Stored data entries:
____
(* We have \[ \lim_{R\to \infty} R^4 \int_0^\infty \frac{\sin^2(\pi R x)}{1 -(Rx)^2}\, \frac{x \tanh(\pi x)}{(R x)^2}\,dx = \frac{\pi^2}{2}\int_0^\infty \frac{\sinh(x)\cosh(x)-x}{x^3\cosh^2(x)}\,dx > 4.20718. \]
   Context: The integrand on the left is understood to be extended continuously at $Rx=1$ (where numerator and denominator both vanish). *)

theory Defs
  imports "HOL-Analysis.Analysis"
begin

text \<open>Integrand on the left. At R x = 1 (and at x = 0) the formula has a vanishing
denominator; the continuous extension there is 0, which coincides with the value
produced by the convention a / 0 = 0.\<close>
definition lhs_integrand :: "real \<Rightarrow> real \<Rightarrow> real" where
  "lhs_integrand R x =
     (sin (pi * R * x))^2 / (1 - (R * x)^2) * (x * tanh (pi * x) / (R * x)^2)"

definition rhs_integrand :: "real \<Rightarrow> real" where
  "rhs_integrand x = (sinh x * cosh x - x) / (x^3 * (cosh x)^2)"

end

theory Submission
  imports Defs "HOL-Real_Asymp.Real_Asymp"
begin

text \<open>The Mittag-Leffler expansion
  tanh (pi y) = \<Sum>k. 8 y / (pi ((2k+1)^2 + 4 y^2))
turns R^4 times the left integrand into a series whose k-th term, after a partial fraction
decomposition in x, combines the integral of sin(pi R x)^2 / (1 - (R x)^2), which vanishes because
sin(pi u)^2 / u is odd, with the integral of sin(pi R x)^2 / ((2k+1)^2 + 4 x^2), which is
pi / (8 (2k+1)) + O(1/R). Hence the limit is 4 \<Sum>k. 1/(2k+1)^3. Differentiating the expansion of
tanh shows that the right integrand is \<Sum>k. 64 / (pi^2 (2k+1)^2 + 4 x^2)^2, whose integral is
(8/pi^2) \<Sum>k. 1/(2k+1)^3; a telescoping estimate of the tail of this sum gives the numerical
bound.\<close>

section \<open>Sums over the odd integers\<close>

lemma summable_inverse_odd_sq: "summable (\<lambda>k. 1/(2*real k+1)^2)"
proof (rule summable_comparison_test[OF _ sums_summable[OF inverse_squares_sums]])
  have "1/(2*real n+1)^2 \<le> 1 / real ((n+1)^2)" for n
    by (rule divide_left_mono) (auto simp: power_mono)
  thus "\<exists>N. \<forall>n\<ge>N. norm (1/(2*real n+1)^2) \<le> 1 / real ((n+1)^2)" by auto
qed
____
▶ Task statement
The data above needs to be given again exactly, with no line left out.

▶ Exercise response
(* We have \[ \lim_{R\to \infty} R^4 \int_0^\infty \frac{\sin^2(\pi R x)}{1 -(Rx)^2}\, \frac{x \tanh(\pi x)}{(R x)^2}\,dx = \frac{\pi^2}{2}\int_0^\infty \frac{\sinh(x)\cosh(x)-x}{x^3\cosh^2(x)}\,dx > 4.20718. \]
   Context: The integrand on the left is understood to be extended continuously at $Rx=1$ (where numerator and denominator both vanish). *)

theory Defs
  imports "HOL-Analysis.Analysis"
begin

text \<open>Integrand on the left. At R x = 1 (and at x = 0) the formula has a vanishing
denominator; the continuous extension there is 0, which coincides with the value
produced by the convention a / 0 = 0.\<close>
definition lhs_integrand :: "real \<Rightarrow> real \<Rightarrow> real" where
  "lhs_integrand R x =
     (sin (pi * R * x))^2 / (1 - (R * x)^2) * (x * tanh (pi * x) / (R * x)^2)"

definition rhs_integrand :: "real \<Rightarrow> real" where
  "rhs_integrand x = (sinh x * cosh x - x) / (x^3 * (cosh x)^2)"

end

theory Submission
  imports Defs "HOL-Real_Asymp.Real_Asymp"
begin

text \<open>The Mittag-Leffler expansion
  tanh (pi y) = \<Sum>k. 8 y / (pi ((2k+1)^2 + 4 y^2))
turns R^4 times the left integrand into a series whose k-th term, after a partial fraction
decomposition in x, combines the integral of sin(pi R x)^2 / (1 - (R x)^2), which vanishes because
sin(pi u)^2 / u is odd, with the integral of sin(pi R x)^2 / ((2k+1)^2 + 4 x^2), which is
pi / (8 (2k+1)) + O(1/R). Hence the limit is 4 \<Sum>k. 1/(2k+1)^3. Differentiating the expansion of
tanh shows that the right integrand is \<Sum>k. 64 / (pi^2 (2k+1)^2 + 4 x^2)^2, whose integral is
(8/pi^2) \<Sum>k. 1/(2k+1)^3; a telescoping estimate of the tail of this sum gives the numerical
bound.\<close>

section \<open>Sums over the odd integers\<close>

lemma summable_inverse_odd_sq: "summable (\<lambda>k. 1/(2*real k+1)^2)"
proof (rule summable_comparison_test[OF _ sums_summable[OF inverse_squares_sums]])
  have "1/(2*real n+1)^2 \<le> 1 / real ((n+1)^2)" for n
    by (rule divide_left_mono) (auto simp: power_mono)
  thus "\<exists>N. \<forall>n\<ge>N. norm (1/(2*real n+1)^2) \<le> 1 / real ((n+1)^2)" by auto
qed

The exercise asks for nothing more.